Wherever the string "blast" appears in the records, return the line that holds it.

Records from a data collection:
┌──

lemma earlier_pairsD:
  "q \<in> earlier_pairs I t \<Longrightarrow> fst q \<in> {1..<t} \<and> snd q \<in> {1..<t} \<and> fst q \<noteq> snd q \<and> {fst q, snd q, t} \<in> I"
  by (auto simp: earlier_pairs_def)

context
  fixes n I g t
  assumes g: "represents n I g" and t: "t \<in> {1..n}"
begin

lemma meet_nonzero: "q \<in> earlier_pairs I t \<Longrightarrow> meet g q \<noteq> 0"
  using g t earlier_pairsD[of q I t] unfolding represents_def meet_def by auto

lemma through_iff:
  assumes q: "q \<in> earlier_pairs I t" and x: "x \<in> {1..n}"
  shows "through I q x \<longleftrightarrow> bdot (meet g q) (g x) = 0"
proof (cases "x = fst q \<or> x = snd q")
  case True
  then show ?thesis unfolding through_def by auto
next
  case False
  then have "{fst q, snd q, x} \<in> I \<longleftrightarrow> triple (g (fst q)) (g (snd q)) (g x) = 0"
    using g t x earlier_pairsD[OF q] unfolding represents_def by auto
  then show ?thesis using False unfolding through_def meet_def triple_def by auto
qed

lemma meet_on_line: "q \<in> earlier_pairs I t \<Longrightarrow> bdot (meet g q) (g t) = 0"
  using through_iff[of q t] t earlier_pairsD[of q I t] unfolding through_def by auto

lemma separated_iff:
  assumes q: "q \<in> earlier_pairs I t" and r: "r \<in> earlier_pairs I t"
  shows "separated I q r \<longleftrightarrow> cross (meet g q) (meet g r) \<noteq> 0"
proof
  assume "separated I q r"
  then obtain x where x: "x \<in> {fst r, snd r}" "\<not> through I q x" unfolding separated_def by blast
  have "x \<in> {1..n}" using x(1) earlier_pairsD[OF r] t by auto
  then have qx: "bdot (meet g q) (g x) \<noteq> 0" using through_iff[OF q] x(2) by simp
  show "cross (meet g q) (meet g r) \<noteq> 0"
  proof
    assume "cross (meet g q) (meet g r) = 0"
    then obtain e where "meet g r = e *s meet g q" using cross_eq_0_proportional meet_nonzero[OF q] by blast
    moreover have "bdot (meet g r) (g x) = 0" using x(1) by auto
    moreover have "e \<noteq> 0" using calculation(1) meet_nonzero[OF r] by auto
    ultimately show False using qx by simp
  qed
next
  assume "cross (meet g q) (meet g r) \<noteq> 0"
  show "separated I q r"
  proof (rule ccontr)
    assume "\<not> separated I q r"
    then have "through I q (fst r)" "through I q (snd r)" unfolding separated_def by auto
    moreover have "fst r \<in> {1..n}" "snd r \<in> {1..n}" "fst r \<noteq> snd r" using earlier_pairsD[OF r] t by auto
    ultimately have "bdot (g (fst r)) (meet g q) = 0" "bdot (g (snd r)) (meet g q) = 0"
      and "cross (g (fst r)) (g (snd r)) \<noteq> 0"
      using through_iff[OF q] g unfolding represents_def by (auto simp: bdot_commute)
    then obtain c where "meet g q = c *s meet g r" using orthogonal_to_two unfolding meet_def by blast
    then show False using \<open>cross (meet g q) (meet g r) \<noteq> 0\<close> by simp
  qed
qed

end

(* A good choice for line t: k \<le> 2 is the number of intersection points of earlier lines that
   lie on line t; a (and b) are pairs of earlier lines meeting there, and every earlier pair
   concurrent with line t meets in one of these points. *)
definition good_choice :: "nat set set \<Rightarrow> nat \<Rightarrow> nat \<Rightarrow> nat \<times> nat \<Rightarrow> nat \<times> nat \<Rightarrow> bool" where
  "good_choice I t k a b \<longleftrightarrow> k \<le> 2 \<and> (k \<ge> 1 \<longrightarrow> a \<in> earlier_pairs I t) \<and>
     (k = 2 \<longrightarrow> b \<in> earlier_pairs I t \<and> separated I a b) \<and>
     (\<forall>q\<in>earlier_pairs I t. (k \<ge> 1 \<and> through I a (fst q) \<and> through I a (snd q)) \<or>
                             (k = 2 \<and> through I b (fst q) \<and> through I b (snd q)))"

section \<open>The parametrization\<close>

function param :: "(nat \<Rightarrow> nat) \<Rightarrow> (nat \<Rightarrow> nat \<times> nat) \<Rightarrow> (nat \<Rightarrow> nat \<times> nat) \<Rightarrow>
    (nat \<Rightarrow> complex^3) \<Rightarrow> nat \<Rightarrow> complex^3" where
  "param K A B y t = (if K t = 0 then y t
     else if K t = 1 then
       (if fst (A t) < t \<and> snd (A t) < t
        then cross (cross (param K A B y (fst (A t))) (param K A B y (snd (A t)))) (y t) else 0)
     else (if fst (A t) < t \<and> snd (A t) < t \<and> fst (B t) < t \<and> snd (B t) < t
        then cross (cross (param K A B y (fst (A t))) (param K A B y (snd (A t))))
                   (cross (param K A B y (fst (B t))) (param K A B y (snd (B t)))) else 0))"
  by pat_completeness auto
termination by (relation "Wellfounded.measure (\<lambda>(K, A, B, y, t). t)") auto

declare param.simps [simp del]

locale parametrization =
  fixes n :: nat and I :: "nat set set" and K :: "nat \<Rightarrow> nat" and A B :: "nat \<Rightarrow> nat \<times> nat"
  assumes good: "\<And>t. t \<in> {1..n} \<Longrightarrow> good_choice I t (K t) (A t) (B t)"
begin

abbreviation ph :: "(nat \<Rightarrow> complex^3) \<Rightarrow> nat \<Rightarrow> complex^3" where
  "ph \<equiv> param K A B"

lemma good_cases:
  assumes "t \<in> {1..n}"
  obtains "K t = 0"
  | "K t = 1" "A t \<in> earlier_pairs I t"
  | "K t = 2" "A t \<in> earlier_pairs I t" "B t \<in> earlier_pairs I t" "separated I (A t) (B t)"
proof -
  have g: "good_choice I t (K t) (A t) (B t)" using good[OF assms] .
  consider "K t = 0" | "K t = 1" | "K t = 2" using g unfolding good_choice_def by linarith
  then show ?thesis
  proof cases
    case 1
    then show ?thesis by (rule that(1))
  next
    case 2
    then show ?thesis using g unfolding good_choice_def by (intro that(2)) simp_all
  next
    case 3
    then show ?thesis using g unfolding good_choice_def by (intro that(3)) simp_all
  qed
qed

lemma param_pencil:
  assumes "t \<in> {1..n}" "K t = 1"
  shows "ph y t = cross (meet (ph y) (A t)) (y t)"
proof -
  have "A t \<in> earlier_pairs I t" using good[OF assms(1)] assms(2) unfolding good_choice_def by simp
  then have "fst (A t) < t" "snd (A t) < t" using earlier_pairsD by fastforce+
  then show ?thesis using assms(2) by (subst param.simps) (simp add: meet_def)
qed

└──

Task output:
  then obtain x where x: "x \<in> {fst r, snd r}" "\<not> through I q x" unfolding separated_def by blast
    then obtain e where "meet g r = e *s meet g q" using cross_eq_0_proportional meet_nonzero[OF q] by blast
    then obtain c where "meet g q = c *s meet g r" using orthogonal_to_two unfolding meet_def by blast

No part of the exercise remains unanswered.